South African Unions Push ANC to Remember Workers

A NEW wave of black militancy is threatening the transition to democracy as negotiators begin a crucial eight-week phase that will determine whether the country's first democratic ballot will go ahead on April 27 of next year.

A move by the powerful Congress of South African Trade Unions (COSATU) on Saturday to call a nationwide strike on Nov. 15 in support of workers' rights in a new constitution appears to have taken both the African National Congress (ANC) and the government by surprise.

At the same time, the leader of the nominally independent homeland of Transkei has expelled the South African ambassador and offered military training facilities to the liberation armies of the ANC and the militant Pan-Africanist Congress (PAC) following a raid into the territory Oct. 7 that claimed the lives of five black youths.

And the ANC's policy of opposition to capital punishment is being challenged by ANC officials' spontaneous endorsement of the death sentences imposed Friday on two right-wingers convicted for the April 10 murder of popular ANC leader Chris Hani.

The shock move by COSATU - a close ally of the ANC and the South African Communist Party (SACP) - is being interpreted as a bid to establish the union federation's authority in a future ANC-led government.

COSATU General Secretary Sam Shilowa, who was elected at a conference last month, said the strike would go ahead unless multiparty negotiators scrapped a proposed clause in the constitution that guarantees the tenure of civil servants after the April 27 ballot.
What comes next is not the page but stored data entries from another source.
lemma card_gadget_blocks:
  assumes "v \<in> V"
  shows "Suc m \<le> card (gadget_blocks v)"
proof -
  have "card (restrict_partition \<pi> (gadget_verts m v)) = Suc m"
    using wo assms card_gadget_L card_gadget_R unfolding well_oriented_def by metis
  moreover have "restrict_partition \<pi> (gadget_verts m v) = (\<lambda>B. B \<inter> gadget_verts m v) ` gadget_blocks v"
    unfolding restrict_partition_def gadget_blocks_def by blast
  moreover have "finite (gadget_blocks v)"
    using finite_partition by (simp add: gadget_blocks_def)
  ultimately show ?thesis by (metis card_image_le)
qed

lemma gadget_blocks_disjoint: "v \<noteq> w \<Longrightarrow> gadget_blocks v \<inter> gadget_blocks w = {}"
  using block_in_one_gadget unfolding gadget_blocks_def gadget_verts_def by blast

lemma card_singleton_arcs_bound: "card {a \<in> E. {ArcN a} \<in> \<pi>} + card V * Suc m \<le> card \<pi>"
proof -
  let ?S = "(\<lambda>a. {ArcN a}) ` {a \<in> E. {ArcN a} \<in> \<pi>}"
  let ?G = "\<Union>v\<in>V. gadget_blocks v"
  have finite_G: "finite (gadget_blocks v)" for v
    using finite_partition by (simp add: gadget_blocks_def)
  have "card V * Suc m = (\<Sum>v\<in>V. Suc m)" by simp
  also have "\<dots> \<le> (\<Sum>v\<in>V. card (gadget_blocks v))"
    using card_gadget_blocks by (rule sum_mono)
  also have "\<dots> = card ?G"
    using finite_V finite_G gadget_blocks_disjoint by (intro card_UN_disjoint[symmetric]) auto
  finally have G: "card V * Suc m \<le> card ?G" .
  have S: "card ?S = card {a \<in> E. {ArcN a} \<in> \<pi>}"
    by (rule card_image) (auto simp: inj_on_def)
  have "?S \<inter> ?G = {}" by (auto simp: gadget_blocks_def gadget_verts_def)
  then have "card (?S \<union> ?G) = card ?S + card ?G"
    using finite_E finite_V finite_G by (intro card_Un_disjoint) auto
  moreover have "card (?S \<union> ?G) \<le> card \<pi>"
    using finite_partition by (intro card_mono) (auto simp: gadget_blocks_def)
  ultimately show ?thesis using S G by linarith
qed

end

theorem lemma5p9:
  fixes V :: "'v set" and E :: "('v \<times> 'v) set"
    and e :: "'v \<times> 'v \<Rightarrow> nat" and \<pi> :: "'v pnode set set"
  assumes "std_graph V E"
    and "bij_betw e E {1..card E}"
    and "H_star_partition (P_verts V E) (P_arcs V E e) \<pi>"
    and "\<forall>v\<in>V. well_oriented (card E) \<pi> v"
  shows "feedback_arc_set E {a \<in> E. {ArcN a} \<in> \<pi>}
    \<and> int (card {a \<in> E. {ArcN a} \<in> \<pi>}) \<le> int (card \<pi>) - int (card V * (card E + 1))"
proof -
  interpret well_oriented_H_partition V E e \<pi> using assms by unfold_locales
  have "card {a \<in> E. {ArcN a} \<in> \<pi>} + card V * (card E + 1) \<le> card \<pi>"
    using card_singleton_arcs_bound by simp
  then show ?thesis using feedback_arc_set_singleton_arcs by linarith
qed

end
Such guarantees formed a key element of a power-sharing deal between the ANC and the ruling National Party in February this year. COSATU is also demanding the removal of a clause from the bill of rights that empowers employers to lock out striking workers.
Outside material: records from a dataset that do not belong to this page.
(* Let $G=A*_C B$ with generating set $S=(A\cup B)\setminus\{1\}$, let $a_1,a_2\in A\setminus C$ with $a_2\notin Ca_1C$, and let $b\in B\setminus C$. For $i\ge0$ let $$w_i=(a_1b)^{10^i}(a_1^{-1}b^{-1})^{10^i}(a_2b)^{10^i}(a_2^{-1}b^{-1})^{10^i}(a_1b)^{4\cdot10^i}(a_1^{-1}b^{-1})^{4\cdot10^i}(a_2b)^{4\cdot10^i}(a_2^{-1}b^{-1})^{4\cdot10^i}.$$ Then: (1) $c_{w_i}(\overline{w_i^n})=n$ for all $n\ge1$, $i\ge0$; (2) $c_{w_i^{-1}}(\overline{w_i^n})=0$ for all $n\ge1$, $i\ge0$; (3) $c_{w_j}(\overline{w_i^n})=0$ for all $j>i\ge0$, $n\ge1$; (4) $c_{w_j^{-1}}(\overline{w_i^n})=0$ for all $j>i\ge0$, $n\ge1$.
   Context: Words are finite sequences of letters in $S$; $\bar u$ is the element represented, $|u|$ the length, $u^{-1}$ the formal inverse word, $|g|$ the word length of $g\in G$. For a nonempty word $w$ and a word $u$, $|u|_w$ is the maximal number of pairwise non-overlapping occurrences of $w$ as a contiguous subword of $u$, and $c_w(g)=|g|-\min\{|v|-|v|_w:\bar v=g\}$. *)

theory Defs
  imports "HOL-Algebra.Algebra"
begin

text \<open>Internal amalgamated free product: G = A *_C B, via the normal form theorem
  (A, B subgroups generating G, C = A \<inter> B, and every nonempty product of elements
  alternately from A - C and B - C is nontrivial).\<close>

definition alternating :: "'g set \<Rightarrow> 'g set \<Rightarrow> 'g set \<Rightarrow> 'g list \<Rightarrow> bool" where
  "alternating A B C gs \<longleftrightarrow>
     (\<forall>i<length gs. gs ! i \<in> (A - C) \<union> (B - C)) \<and>
     (\<forall>i. Suc i < length gs \<longrightarrow>
        \<not> (gs ! i \<in> A \<and> gs ! Suc i \<in> A) \<and> \<not> (gs ! i \<in> B \<and> gs ! Suc i \<in> B))"

definition word_eval :: "('g, 'b) monoid_scheme \<Rightarrow> 'g list \<Rightarrow> 'g" where
  "word_eval G u = foldr (\<lambda>x y. x \<otimes>\<^bsub>G\<^esub> y) u \<one>\<^bsub>G\<^esub>"

definition amalgamated_product ::
  "('g, 'b) monoid_scheme \<Rightarrow> 'g set \<Rightarrow> 'g set \<Rightarrow> 'g set \<Rightarrow> bool" where
  "amalgamated_product G A B C \<longleftrightarrow>
     group G \<and> subgroup A G \<and> subgroup B G \<and> C = A \<inter> B \<and>
     generate G (A \<union> B) = carrier G \<and>
     (\<forall>gs. gs \<noteq> [] \<and> alternating A B C gs \<longrightarrow> word_eval G gs \<noteq> \<one>\<^bsub>G\<^esub>)"

definition word_inv :: "('g, 'b) monoid_scheme \<Rightarrow> 'g list \<Rightarrow> 'g list" where
  "word_inv G u = rev (map (\<lambda>x. inv\<^bsub>G\<^esub> x) u)"

definition word_length :: "('g, 'b) monoid_scheme \<Rightarrow> 'g set \<Rightarrow> 'g \<Rightarrow> nat" where
  "word_length G S g = (LEAST n. \<exists>u. set u \<subseteq> S \<and> length u = n \<and> word_eval G u = g)"

definition occ_count :: "'a list \<Rightarrow> 'a list \<Rightarrow> nat" where
  "occ_count w u = Max {k. \<exists>ps :: nat list. length ps = k \<and>
      (\<forall>i<k. ps ! i + length w \<le> length u \<and> take (length w) (drop (ps ! i) u) = w) \<and>
      (\<forall>i. Suc i < k \<longrightarrow> ps ! i + length w \<le> ps ! Suc i)}"

definition cw :: "('g, 'b) monoid_scheme \<Rightarrow> 'g set \<Rightarrow> 'g list \<Rightarrow> 'g \<Rightarrow> int" where
  "cw G S w g = int (word_length G S g) -
     int (LEAST m. \<exists>v. set v \<subseteq> S \<and> word_eval G v = g \<and> m = length v - occ_count w v)"

definition wpow :: "'a list \<Rightarrow> nat \<Rightarrow> 'a list" where
  "wpow u n = concat (replicate n u)"

definition w_word :: "('g, 'b) monoid_scheme \<Rightarrow> 'g \<Rightarrow> 'g \<Rightarrow> 'g \<Rightarrow> nat \<Rightarrow> 'g list" where
  "w_word G a1 a2 b i =
     (let N = 10 ^ i; ai = (\<lambda>x. inv\<^bsub>G\<^esub> x); M = 4 * 10 ^ i in
      wpow [a1, b] N @ wpow [ai a1, ai b] N @ wpow [a2, b] N @ wpow [ai a2, ai b] N @
      wpow [a1, b] M @ wpow [ai a1, ai b] M @ wpow [a2, b] M @ wpow [ai a2, ai b] M)"

end

theory Submission
  imports Defs
begin

(* Reduced (alternating) words are geodesic for S = (A \<union> B) - {1}, and reading any word v
   letter by letter, while keeping a reduced form of the prefix read so far, ends in a reduced
   word that agrees letterwise, up to double cosets C x C, with every reduced word for the same
   element (normal form theorem).
   Write w = y # T with y and the last letter of T in different factors. During the reduction the
   weight |xs| - |xs|_T of the stack xs grows by at most one per letter read, and by at most
   |w| - 1 while an occurrence of w is read: either y is absorbed by the stack, or all of w is
   pushed and creates a new occurrence of T. So |v| - |v|_w is at least the final weight, which
   is |g| if T does not occur in the reduced form of g up to double cosets; then c_w(g) = 0.
   For w = w_i itself, |v| >= n |w| and |v|_w |w| <= |v| give c_w(w^n) = n.
   The rest is a check on the A-letters of w_i, which run through blocks of a1, a1^-1, a2, a2^-1
   of lengths N, N, N, N, 4N, 4N, 4N, 4N with N = 10^i. As a1 and a2, and also their inverses,
   lie in different double cosets, no cyclic shift of these blocks matches the A-letters of the
   tail of w_j or of w_j^-1 for j > i, nor those of the tail of w_i^-1. *)

lemma word_eval_Nil [simp]: "word_eval G [] = \<one>\<^bsub>G\<^esub>"
  by (simp add: word_eval_def)

lemma word_eval_Cons [simp]: "word_eval G (x # xs) = x \<otimes>\<^bsub>G\<^esub> word_eval G xs"
  by (simp add: word_eval_def)

lemma length_word_inv [simp]: "length (word_inv G xs) = length xs"
  by (simp add: word_inv_def)

lemma word_inv_eq_Nil_iff [simp]: "word_inv G xs = [] \<longleftrightarrow> xs = []"
  by (simp add: word_inv_def)

lemma word_inv_Cons: "word_inv G (x # xs) = word_inv G xs @ [inv\<^bsub>G\<^esub> x]"
  by (simp add: word_inv_def)

lemma word_inv_nth: "k < length xs \<Longrightarrow> word_inv G xs ! k = inv\<^bsub>G\<^esub> (xs ! (length xs - Suc k))"
  by (simp add: word_inv_def rev_nth)

lemma hd_word_inv: "xs \<noteq> [] \<Longrightarrow> hd (word_inv G xs) = inv\<^bsub>G\<^esub> (last xs)"
  and last_word_inv: "xs \<noteq> [] \<Longrightarrow> last (word_inv G xs) = inv\<^bsub>G\<^esub> (hd xs)"
  by (simp_all add: word_inv_def hd_rev last_rev hd_map last_map)

context group
begin

lemma subgroup_mult_right_iff:
  assumes "subgroup H G" "x \<in> carrier G" "c \<in> H"
  shows "x \<otimes> c \<in> H \<longleftrightarrow> x \<in> H"
proof
  assume "x \<otimes> c \<in> H"
  then have "x \<otimes> c \<otimes> inv c \<in> H"
    using assms subgroup.m_closed[OF assms(1)] subgroup.m_inv_closed[OF assms(1)] by blast
  then show "x \<in> H"
    using assms by (simp add: m_assoc subgroup.mem_carrier)
qed (use assms in \<open>simp add: subgroup.m_closed\<close>)

lemma subgroup_mult_left_iff:
  assumes "subgroup H G" "x \<in> carrier G" "c \<in> H"
  shows "c \<otimes> x \<in> H \<longleftrightarrow> x \<in> H"
proof
  assume "c \<otimes> x \<in> H"
  then have "inv c \<otimes> (c \<otimes> x) \<in> H"
    using assms subgroup.m_closed[OF assms(1)] subgroup.m_inv_closed[OF assms(1)] by blast
  then show "x \<in> H"
    using assms by (simp add: m_assoc[symmetric] subgroup.mem_carrier)
qed (use assms in \<open>simp add: subgroup.m_closed\<close>)

lemma subgroup_inv_iff:
  assumes "subgroup H G" "x \<in> carrier G"
  shows "inv x \<in> H \<longleftrightarrow> x \<in> H"
  using assms subgroup.m_inv_closed[OF assms(1)] by (metis inv_inv)

lemma word_eval_closed: "set xs \<subseteq> carrier G \<Longrightarrow> word_eval G xs \<in> carrier G"
  by (induction xs) auto

lemma word_eval_append:
  "set xs \<subseteq> carrier G \<Longrightarrow> set ys \<subseteq> carrier G \<Longrightarrow>
    word_eval G (xs @ ys) = word_eval G xs \<otimes> word_eval G ys"
  by (induction xs) (auto simp: m_assoc word_eval_closed)

lemma set_word_inv: "set xs \<subseteq> carrier G \<Longrightarrow> set (word_inv G xs) \<subseteq> carrier G"
  by (auto simp: word_inv_def)

lemma word_eval_word_inv:
  "set xs \<subseteq> carrier G \<Longrightarrow> word_eval G (word_inv G xs) = inv (word_eval G xs)"
proof (induction xs)
  case (Cons x xs)
  then have "word_eval G (word_inv G (x # xs)) = inv (word_eval G xs) \<otimes> inv x"
    by (simp add: word_inv_Cons word_eval_append set_word_inv)
  with Cons.prems show ?case
    by (simp add: inv_mult_group word_eval_closed)
qed (simp add: word_inv_def)

lemma word_eval_snoc_cancel:
  assumes "set xs \<subseteq> carrier G" "x \<in> carrier G" "set ys \<subseteq> carrier G" "y \<in> carrier G"
    "c \<in> carrier G"
    and "word_eval G (xs @ [x]) = word_eval G (ys @ [y]) \<otimes> c"
  shows "word_eval G xs = word_eval G ys \<otimes> (y \<otimes> (c \<otimes> inv x))"
proof -
  have "word_eval G xs = word_eval G (xs @ [x]) \<otimes> inv x"
    using assms(1-5) by (simp add: word_eval_append m_assoc word_eval_closed)
  also have "\<dots> = word_eval G (ys @ [y]) \<otimes> c \<otimes> inv x"
    using assms(6) by simp
  also have "\<dots> = word_eval G ys \<otimes> (y \<otimes> (c \<otimes> inv x))"
    using assms(1-5) by (simp add: word_eval_append m_assoc word_eval_closed)
  finally show ?thesis .
qed

lemma word_eval_append_word_inv:
  assumes "set xs \<subseteq> carrier G" "set ys \<subseteq> carrier G"
  shows "word_eval G (xs @ word_inv G ys) = word_eval G xs \<otimes> inv (word_eval G ys)"
  using assms by (simp add: word_eval_append word_eval_word_inv set_word_inv)

end

section \<open>Subword occurrences and c_w\<close>

definition occurrences :: "'a list \<Rightarrow> 'a list \<Rightarrow> nat list \<Rightarrow> bool" where
  "occurrences w u ps \<longleftrightarrow>
     (\<forall>p\<in>set ps. p + length w \<le> length u \<and> take (length w) (drop p u) = w) \<and>
     sorted_wrt (\<lambda>p q. p + length w \<le> q) ps"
The ANC has played down the role of mass protests in recent months to promote reconciliation and allay white fears of black rule.

At a conference last month, more than a dozen trade union leaders - including former General Secretary Jay Naidoo - quit COSATU to take their places on the ANC's list of candidates for the country's first democratic election. The incoming union leaders are characterized by their militancy and their prominence in the SACP.

Tensions between the ANC and COSATU have developed in the past year over the degree of state intervention in a post-apartheid economy and the role of the trade union federation in restructuring the economy.

Several militant trade unions in the federation have proposed that COSATU and the SACP should break with the ANC after an election and consider the formation of a socialist-oriented workers' party to challenge the ANC from the left and ensure that it addresses workers' demands.

At the September conference, ANC President Nelson Mandela assured COSATU that an ANC government would respect the rights of workers, and he endorsed a plan which would ensure that 20 trade unionists were elected to Parliament as part of the ANC team. In the past two weeks, however, there have been indications that the ANC leadership has had second thoughts about making such a guarantee.

``I think this defiant stand by COSATU in threatening a general strike at such a sensitive moment should be seen against this background,'' says a Western diplomat who follows labor issues.

The COSATU move is also seen in diplomatic circles as a response to the formation of the right-wing Freedom Alliance, an awkward coalition of white right-wingers and black conservatives, which has shifted the political focus to Afrikaner demands for a self-determination.

Increasingly, political players worry that the maneuver by the Freedom Alliance could force President Frederik de Klerk to carry out his threat to hold a referendum on reform before an election is held.

The ANC is divided on the referendum issue, with the majority arguing that it would lead to a delay of the April 27 poll, thus risking a grass-roots rebellion and increased political violence.